**PROBLEM TO SOLVE**
Only one portion of the data is to be written out: from the line bearing "theory Defs" through the line bearing "a b \<longleftrightarrow>". Write it exactly as it appears.

**GIVEN DATA**
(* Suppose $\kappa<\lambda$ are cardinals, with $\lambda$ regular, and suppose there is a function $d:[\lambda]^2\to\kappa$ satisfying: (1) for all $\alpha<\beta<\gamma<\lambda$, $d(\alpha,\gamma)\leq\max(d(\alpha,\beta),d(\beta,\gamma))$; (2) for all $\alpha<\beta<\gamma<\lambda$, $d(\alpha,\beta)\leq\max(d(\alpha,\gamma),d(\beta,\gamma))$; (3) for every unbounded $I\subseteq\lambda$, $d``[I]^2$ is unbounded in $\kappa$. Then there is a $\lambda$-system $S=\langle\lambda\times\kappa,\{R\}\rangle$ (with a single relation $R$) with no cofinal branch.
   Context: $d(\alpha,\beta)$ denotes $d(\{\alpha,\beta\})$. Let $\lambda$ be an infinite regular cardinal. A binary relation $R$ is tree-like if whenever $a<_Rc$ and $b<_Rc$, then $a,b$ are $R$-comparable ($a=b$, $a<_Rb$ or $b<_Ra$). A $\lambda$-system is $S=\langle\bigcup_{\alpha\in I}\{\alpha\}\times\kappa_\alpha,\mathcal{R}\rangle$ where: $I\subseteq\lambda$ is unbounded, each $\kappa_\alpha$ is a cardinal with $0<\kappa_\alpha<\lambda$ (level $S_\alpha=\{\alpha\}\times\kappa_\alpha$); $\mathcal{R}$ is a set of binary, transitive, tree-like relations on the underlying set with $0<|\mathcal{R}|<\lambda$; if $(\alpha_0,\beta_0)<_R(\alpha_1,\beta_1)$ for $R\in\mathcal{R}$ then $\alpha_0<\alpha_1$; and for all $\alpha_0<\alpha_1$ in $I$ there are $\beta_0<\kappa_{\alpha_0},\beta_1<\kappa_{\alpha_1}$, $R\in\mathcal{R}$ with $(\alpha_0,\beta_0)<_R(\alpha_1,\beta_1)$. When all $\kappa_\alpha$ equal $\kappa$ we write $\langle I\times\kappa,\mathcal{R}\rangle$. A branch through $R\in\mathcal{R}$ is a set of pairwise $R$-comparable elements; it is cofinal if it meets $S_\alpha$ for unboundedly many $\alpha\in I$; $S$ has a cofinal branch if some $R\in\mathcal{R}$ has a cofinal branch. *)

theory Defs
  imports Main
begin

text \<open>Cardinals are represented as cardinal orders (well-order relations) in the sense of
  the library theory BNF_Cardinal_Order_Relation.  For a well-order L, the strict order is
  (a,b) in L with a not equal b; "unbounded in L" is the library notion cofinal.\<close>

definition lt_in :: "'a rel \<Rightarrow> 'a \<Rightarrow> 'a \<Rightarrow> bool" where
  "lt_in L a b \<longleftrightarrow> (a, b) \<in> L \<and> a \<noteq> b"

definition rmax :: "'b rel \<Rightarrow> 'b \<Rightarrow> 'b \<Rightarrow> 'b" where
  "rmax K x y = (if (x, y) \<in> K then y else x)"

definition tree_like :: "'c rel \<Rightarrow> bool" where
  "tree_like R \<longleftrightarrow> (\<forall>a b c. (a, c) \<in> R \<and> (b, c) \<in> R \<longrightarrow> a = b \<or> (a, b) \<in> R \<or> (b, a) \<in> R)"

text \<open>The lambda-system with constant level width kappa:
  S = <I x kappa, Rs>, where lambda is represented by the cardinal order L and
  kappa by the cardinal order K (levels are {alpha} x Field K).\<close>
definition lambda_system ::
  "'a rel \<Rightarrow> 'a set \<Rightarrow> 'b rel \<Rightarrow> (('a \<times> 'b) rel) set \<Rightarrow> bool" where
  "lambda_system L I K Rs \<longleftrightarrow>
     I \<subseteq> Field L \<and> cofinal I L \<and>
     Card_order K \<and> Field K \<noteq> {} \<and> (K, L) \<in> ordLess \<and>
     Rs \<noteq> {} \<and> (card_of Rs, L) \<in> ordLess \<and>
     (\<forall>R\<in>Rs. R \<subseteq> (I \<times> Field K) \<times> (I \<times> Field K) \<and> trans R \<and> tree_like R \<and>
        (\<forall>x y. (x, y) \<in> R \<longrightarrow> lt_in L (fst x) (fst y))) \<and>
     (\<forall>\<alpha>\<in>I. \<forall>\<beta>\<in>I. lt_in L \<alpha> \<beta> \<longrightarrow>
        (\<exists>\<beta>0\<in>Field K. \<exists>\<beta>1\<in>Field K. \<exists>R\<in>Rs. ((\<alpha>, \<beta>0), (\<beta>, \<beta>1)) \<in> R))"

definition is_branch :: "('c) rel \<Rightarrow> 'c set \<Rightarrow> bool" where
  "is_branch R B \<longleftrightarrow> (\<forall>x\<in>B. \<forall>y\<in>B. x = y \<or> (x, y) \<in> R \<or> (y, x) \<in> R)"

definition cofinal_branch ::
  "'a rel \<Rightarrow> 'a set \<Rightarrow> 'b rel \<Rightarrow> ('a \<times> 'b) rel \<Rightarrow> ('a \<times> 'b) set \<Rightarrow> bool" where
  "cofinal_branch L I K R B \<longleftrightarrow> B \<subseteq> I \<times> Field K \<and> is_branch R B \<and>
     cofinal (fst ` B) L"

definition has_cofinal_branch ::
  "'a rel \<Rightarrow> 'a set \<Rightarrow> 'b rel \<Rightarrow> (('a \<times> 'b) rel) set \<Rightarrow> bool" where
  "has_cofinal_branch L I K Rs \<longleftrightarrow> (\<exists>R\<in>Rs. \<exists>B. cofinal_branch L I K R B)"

**TASK RESPONSE**
theory Defs
  imports Main
begin

text \<open>Cardinals are represented as cardinal orders (well-order relations) in the sense of
  the library theory BNF_Cardinal_Order_Relation.  For a well-order L, the strict order is
  (a,b) in L with a not equal b; "unbounded in L" is the library notion cofinal.\<close>

definition lt_in :: "'a rel \<Rightarrow> 'a \<Rightarrow> 'a \<Rightarrow> bool" where
  "lt_in L a b \<longleftrightarrow> (a, b) \<in> L \<and> a \<noteq> b"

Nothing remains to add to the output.